“There is a crack in everything. That's how the light gets in.” ~ Leonard Cohen
Greetings -
I hope you, your families and friends are well! We welcomed our daughter home this weekend for her Spring Break. We are very much looking forward to spending time with her and adventuring around Sonoma County.
Last week, I was inducted into our local Rotary chapter. I have been looking for a more structured and organized way to continue my community service work, and this is a natural outlet and a great group for that. We are gearing up for our annual St. Patrick's Day fundraiser and parade, starting bright and early at 6:00am on Sunday March 17. I guess I will be napping by noon! [For those not familiar with Rotary, it is an "organization of business and professional leaders united worldwide who provide humanitarian service, encourage high ethical standards in all vocations, and help build goodwill and peace in the world. In more than 166 countries worldwide, approximately 1.2 million Rotarians belong to more than 35,000 Rotary clubs." A big thank you to my wife, Rosemary, who kindly served as my sponsor, and who is in her second year of membership.]
This edition primarily looks at the concept of failure - what it is, how it manifests and what and how we can learn from it. Multiple perspectives are provided and I especially want to make a plug for the 4-part Freakonomics podcast series. It is very well done and quite informative, with an array of examples, case studies and analyses. Companion pieces speak to accountability, high-reliability and resilience and their intersection with failure.
I have also included two thoughtful posts on productivity and efficiency. The authors call (plea?) for a reduction in speed for speed's sake and what more deliberate approaches to productivity might look like in fostering sustainable work environments.
As always, happy reading and listening!
Be well, take good care of your families and community.
-kj
PS - (Missed a newsletter? Past editions can be found here: https://www.kevinjordan.coach/blog. And if you hit paywall on an article(s), feel free to send me a note and let me know what you need.

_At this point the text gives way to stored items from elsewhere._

(* Consider the following double-loop method (inexact accelerated proximal gradient) for minimizing $F(x)=f(x)+\omega(Ax)$, where $f:\mathbb R^n\to\mathbb R$ is convex, differentiable and $L$-Lipschitz smooth, $A\in\mathbb R^{m\times n}$, $\omega:\mathbb R^m\to\mathbb R$ is convex and globally $K_\omega$-Lipschitz, and $F$ has a minimizer $\bar x$. Parameters: $\mathcal E_0>0$, $p>1$, sequences $B_k>0$, $\rho_k\ge0$ with $L_k=B_k+\rho_k\in[L_{\min},L_{\max}]$ for constants $0<L_{\min}\le L_{\max}$; $\alpha_0=1$ and for $k\ge1$, $\alpha_k\in(0,1]$ with $1-\alpha_k=\alpha_k^2L_k/(\alpha_{k-1}^2L_{k-1})$; $\beta_0=1$, $\beta_k=\prod_{i=1}^k\max\big(1-\alpha_i,\frac{\alpha_i^2L_i}{\alpha_{i-1}^2L_{i-1}}\big)$. Initial points $x_{-1},x^\circ_{-1}\in\mathbb R^n$. Outer iteration $k\ge0$: $y_k=\alpha_kx^\circ_{k-1}+(1-\alpha_k)x_{k-1}$; $\lambda_k=L_k^{-1}$; $\tilde y_k=y_k-L_k^{-1}\nabla f(y_k)$. Inner loop: with $\Phi_k(u)=\omega(Au)+\frac1{2\lambda_k}\|u-\tilde y_k\|^2$, $\Psi_k(v)=\frac1{2\lambda_k}\|\lambda_kA^\top v-\tilde y_k\|^2+\omega^\star(v)-\frac1{2\lambda_k}\|\tilde y_k\|^2$ and $\mathbf G_k(u,v)=\Phi_k(u)+\Psi_k(v)$, start from some $v_0\in\operatorname{dom}\omega^\star$ and for $j\ge0$ set $v_{j+1}=\operatorname{prox}_{\tau_j^{-1}\omega^\star}\big(v_j-\tau_j^{-1}A(\lambda_kA^\top v_j-\tilde y_k)\big)$ with $\tau_j>0$ satisfying $\frac{\lambda_k}2\|A^\top(v_{j+1}-v_j)\|^2\le\frac{\tau_j}2\|v_{j+1}-v_j\|^2$, and $z_j=\tilde y_k-\lambda_kA^\top v_j$. Let $J_k$ be the smallest $j$ with $\mathbf G_k(z_j,v_j)\le\epsilon_k$, where $\epsilon_0=\mathcal E_0$ and for $k\ge1$ $\epsilon_k=\mathcal E_0\beta_kk^{-p}+\frac{\rho_k}2\|z_j-y_k\|^2$; set $x_k=z_{J_k}$ (with this $\epsilon_k$). The sequences are such that $f(x_k)-f(y_k)-\langle\nabla f(y_k),x_k-y_k\rangle\le\frac{B_k}2\|x_k-y_k\|^2$. Finally $x^\circ_k=x_{k-1}+\alpha_k^{-1}(x_k-x_{k-1})$. Assume moreover: for each $k$, $\Psi_k$ has a nonempty set of minimizers and satisfies quadratic growth with a constant $\kappa_k$, where $\inf_k\kappa_k>\kappa_{\min}$ for some $\kappa_{\min}>0$; and all inner step parameters satisfy $\sup_{k,j}\tau_j^{(k)}\le\bar\tau_{\max}<\infty$. Count one call to $\nabla f$ per outer iteration and one call to $\operatorname{prox}_{\cdot\,\omega^\star}$ per inner iteration, so that the total number of such calls through outer iteration $k$ is $\sum_{l=0}^k(J_l+1)$. Then there exist constants $C,\varepsilon_1>0$ (independent of $\varepsilon$) such that for every $\varepsilon\in(0,\varepsilon_1]$: (i) there exists $k\ge0$ with $F(x_k)-F(\bar x)\le\varepsilon$ and $\sum_{l=0}^k(J_l+1)\le C\varepsilon^{-1/2}\ln(1/\varepsilon)$, i.e. the total number of calls is $\mathcal O(\varepsilon^{-1/2}\ln(\varepsilon^{-1}))$; (ii) there exists $k\ge0$ with $\operatorname{dist}(\mathbf 0\,|\,\partial_{\epsilon_k}F(x_k))\le\varepsilon$ and $\sum_{l=0}^k(J_l+1)\le C\varepsilon^{-1}\ln(1/\varepsilon)$, i.e. the total number of calls is $\mathcal O(\varepsilon^{-1}\ln(\varepsilon^{-1}))$.
   Context: $\omega^\star$ is the Fenchel conjugate of $\omega$; $\operatorname{prox}_{\mu h}(x)=\operatorname{argmin}_z\{h(z)+\frac1{2\mu}\|z-x\|^2\}$. $L$-Lipschitz smooth: $f(u)-f(w)-\langle\nabla f(w),u-w\rangle\le\frac L2\|u-w\|^2$. A function $\Psi$ with nonempty minimizer set $S$ satisfies quadratic growth with constant $\kappa>0$ if $\Psi(v)\ge\min\Psi+\frac\kappa2\operatorname{dist}(v|S)^2$ for all $v$. For proper $h$ and $\epsilon\ge0$, $\partial_\epsilon h(\bar x)=\{w:\langle w,u-\bar x\rangle\le h(u)-h(\bar x)+\epsilon\ \forall u\}$ for $\bar x\in\operatorname{dom}h$, $\emptyset$ otherwise. *)

theory Defs
  imports "HOL-Analysis.Analysis"
begin

definition fconj :: "('a::real_inner \<Rightarrow> real) \<Rightarrow> 'a \<Rightarrow> ereal" where
  "fconj h v = (SUP u. ereal (inner v u - h u))"

definition edom :: "('a \<Rightarrow> ereal) \<Rightarrow> 'a set" where
  "edom h = {v. h v < \<infinity>}"

definition prox_set :: "('a::real_normed_vector \<Rightarrow> ereal) \<Rightarrow> real \<Rightarrow> 'a \<Rightarrow> 'a set" where
  "prox_set h \<mu> x = {z. \<forall>w. h z + ereal (norm (z - x)^2 / (2*\<mu>)) \<le> h w + ereal (norm (w - x)^2 / (2*\<mu>))}"

definition minimizers :: "('a \<Rightarrow> ereal) \<Rightarrow> 'a set" where
  "minimizers \<Psi> = {v. \<forall>w. \<Psi> v \<le> \<Psi> w}"

definition quad_growth :: "('a::metric_space \<Rightarrow> ereal) \<Rightarrow> real \<Rightarrow> bool" where
  "quad_growth \<Psi> \<kappa> \<longleftrightarrow> \<kappa> > 0 \<and> minimizers \<Psi> \<noteq> {} \<and>
     (\<forall>v. \<forall>s\<in>minimizers \<Psi>. \<Psi> v \<ge> \<Psi> s + ereal (\<kappa> / 2 * (infdist v (minimizers \<Psi>))^2))"

definition eps_subdiff :: "('a::real_inner \<Rightarrow> real) \<Rightarrow> real \<Rightarrow> 'a \<Rightarrow> 'a set" where
  "eps_subdiff h \<epsilon> x = {w. \<forall>u. inner w (u - x) \<le> h u - h x + \<epsilon>}"

definition Psi_in :: "real^'n^'m \<Rightarrow> (real^'m \<Rightarrow> real) \<Rightarrow> real \<Rightarrow> real^'n \<Rightarrow> real^'m \<Rightarrow> ereal" where
  "Psi_in A \<omega> lam yt v =
     ereal (norm (lam *\<^sub>R (transpose A *v v) - yt)^2 / (2*lam)) + fconj \<omega> v - ereal (norm yt ^ 2 / (2*lam))"

definition Phi_in :: "real^'n^'m \<Rightarrow> (real^'m \<Rightarrow> real) \<Rightarrow> real \<Rightarrow> real^'n \<Rightarrow> real^'n \<Rightarrow> real" where
  "Phi_in A \<omega> lam yt u = \<omega> (A *v u) + norm (u - yt)^2 / (2*lam)"

definition G_in :: "real^'n^'m \<Rightarrow> (real^'m \<Rightarrow> real) \<Rightarrow> real \<Rightarrow> real^'n \<Rightarrow> real^'n \<Rightarrow> real^'m \<Rightarrow> ereal" where
  "G_in A \<omega> lam yt u v = ereal (Phi_in A \<omega> lam yt u) + Psi_in A \<omega> lam yt v"

end

theory Submission
  imports Defs
begin

text \<open>Each inner loop is a proximal gradient method on the dual problem \<open>\<Psi>\<^sub>k\<close>. Quadratic
  growth makes the distance of the dual iterates to the solution set contract by the factor
  \<open>\<surd>(\<tau>\<^sub>m\<^sub>a\<^sub>x / (\<tau>\<^sub>m\<^sub>a\<^sub>x + \<kappa>\<^sub>m\<^sub>i\<^sub>n))\<close>, and since \<open>\<omega>\<close> is Lipschitz, \<open>dom \<omega>\<^sup>*\<close> is bounded and the duality gap
  after a step is bounded by the step length. So the gap decays geometrically, uniformly in \<open>k\<close>,
  while the tolerance \<open>\<epsilon>\<^sub>k\<close> decays only polynomially; hence \<open>J\<^sub>k = O(log k)\<close>.

  The outer loop is an accelerated proximal gradient method with errors \<open>\<epsilon>\<^sub>k\<close>; the slack
  \<open>\<rho>\<^sub>k\<close> absorbs the part of \<open>\<epsilon>\<^sub>k\<close> depending on the inner iterate, and the rest is summable
  after division by \<open>\<alpha>\<^sub>k\<^sup>2 L\<^sub>k \<sim> k\<^sup>-\<^sup>2\<close>. The usual Lyapunov function
  \<open>(F x\<^sub>k - F x\<^sup>*) / (\<alpha>\<^sub>k\<^sup>2 L\<^sub>k) + \<parallel>x\<^sup>* - x\<^sup>\<circ>\<^sub>k\<parallel>\<^sup>2 / 2\<close> therefore stays bounded, which gives
  \<open>F x\<^sub>k - F x\<^sup>* = O(k\<^sup>-\<^sup>2)\<close> and \<open>\<parallel>x\<^sub>k - y\<^sub>k\<parallel> = O(\<alpha>\<^sub>k) = O(1/k)\<close>. The vector
  \<open>\<nabla>f x\<^sub>k + L\<^sub>k (y\<^sub>t\<^sub>k - x\<^sub>k)\<close> is an \<open>\<epsilon>\<^sub>k\<close>-subgradient of \<open>F\<close> at \<open>x\<^sub>k\<close> of norm \<open>O(\<parallel>x\<^sub>k - y\<^sub>k\<parallel>)\<close>.
  Reaching accuracy \<open>\<epsilon>\<close> thus takes \<open>O(\<epsilon>\<^sup>-\<^sup>1\<^sup>/\<^sup>2)\<close> resp. \<open>O(\<epsilon>\<^sup>-\<^sup>1)\<close> outer iterations of
  \<open>O(log (1/\<epsilon>))\<close> oracle calls each.\<close>

section \<open>Fenchel conjugates and proximal points\<close>

lemma fenchel_young: "ereal (inner v u - h u) \<le> fconj h v"
  unfolding fconj_def by (rule SUP_upper) auto

lemma fconj_neq_minf: "fconj h v \<noteq> -\<infinity>"
  using fenchel_young[of v 0 h] by auto

lemma fconj_le_ereal_iff: "fconj h v \<le> ereal c \<longleftrightarrow> (\<forall>u. inner v u - h u \<le> c)"
  unfolding fconj_def by (auto simp: SUP_le_iff)

lemma fconj_ereal_imp_le: "fconj h v = ereal c \<Longrightarrow> inner v u - h u \<le> c"
  using fconj_le_ereal_iff[of h v c] by simp

lemma fconj_cases:
  obtains c where "fconj h v = ereal c" | "fconj h v = \<infinity>"
  using fconj_neq_minf[of h v] by (cases "fconj h v") auto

I have subscriptions to many of the sources that I cite.)
Featured
We navigate a diametrically opposed "failure culture": on the one hand, we are implored to avoid failure at all cost; while on the other hand, failure is extolled as a virtue, with mantras like fail rapidly and frequently (and often with a healthy dose of braggadocio). Neither polarity provides context or a framework for assessing the meaning of failure, how failure can manifest, what constitutes "good" vs "bad" failing (from which we might learn a great deal) and how the best organizations both foster and learn from failure.
In her most recent book, Right Kind of Wrong: The Science of Failing Well, Amy Edmondson not only unpacks the "failure landscape,"- basic vs complex vs intelligent failures - she provides a framework to "... discuss and practice failure wisely...[with an emphasis on how to]...minimize unproductive failure, pursue intelligent failure" and ultimately analyze and learn as much as we can about what and how failure occurred.
Weaving a rich tapestry of analysis, insights and a range of examples and case studies across multiple industries, "...Edmondson gives us specifically tailored practices, skills, and mindsets to help us replace shame and blame with curiosity, vulnerability and personal growth." (For those not up for the book (which is quite good), you can listen to an interview she did on the Armchair Expert (Dax Shepard) podcast late last year.)
Articles
Harvard Business Review: How to Actually Encourage Employee Accountability. "To treat mistakes restoratively, leaders need humility, grace, and patience. They must see any person’s arc of professional success as more than the sum total of any single assignment. Leaders also need the humility to acknowledge their contribution to people’s failures...We have a long way to go before accountability within organizations becomes a welcomed process that yields fair, actionable feedback and encourages employees to embrace the opportunity to improve their performance and expand their contributions. Making dignity, fairness, and restoration foundational components of accountability systems is a powerful place to start."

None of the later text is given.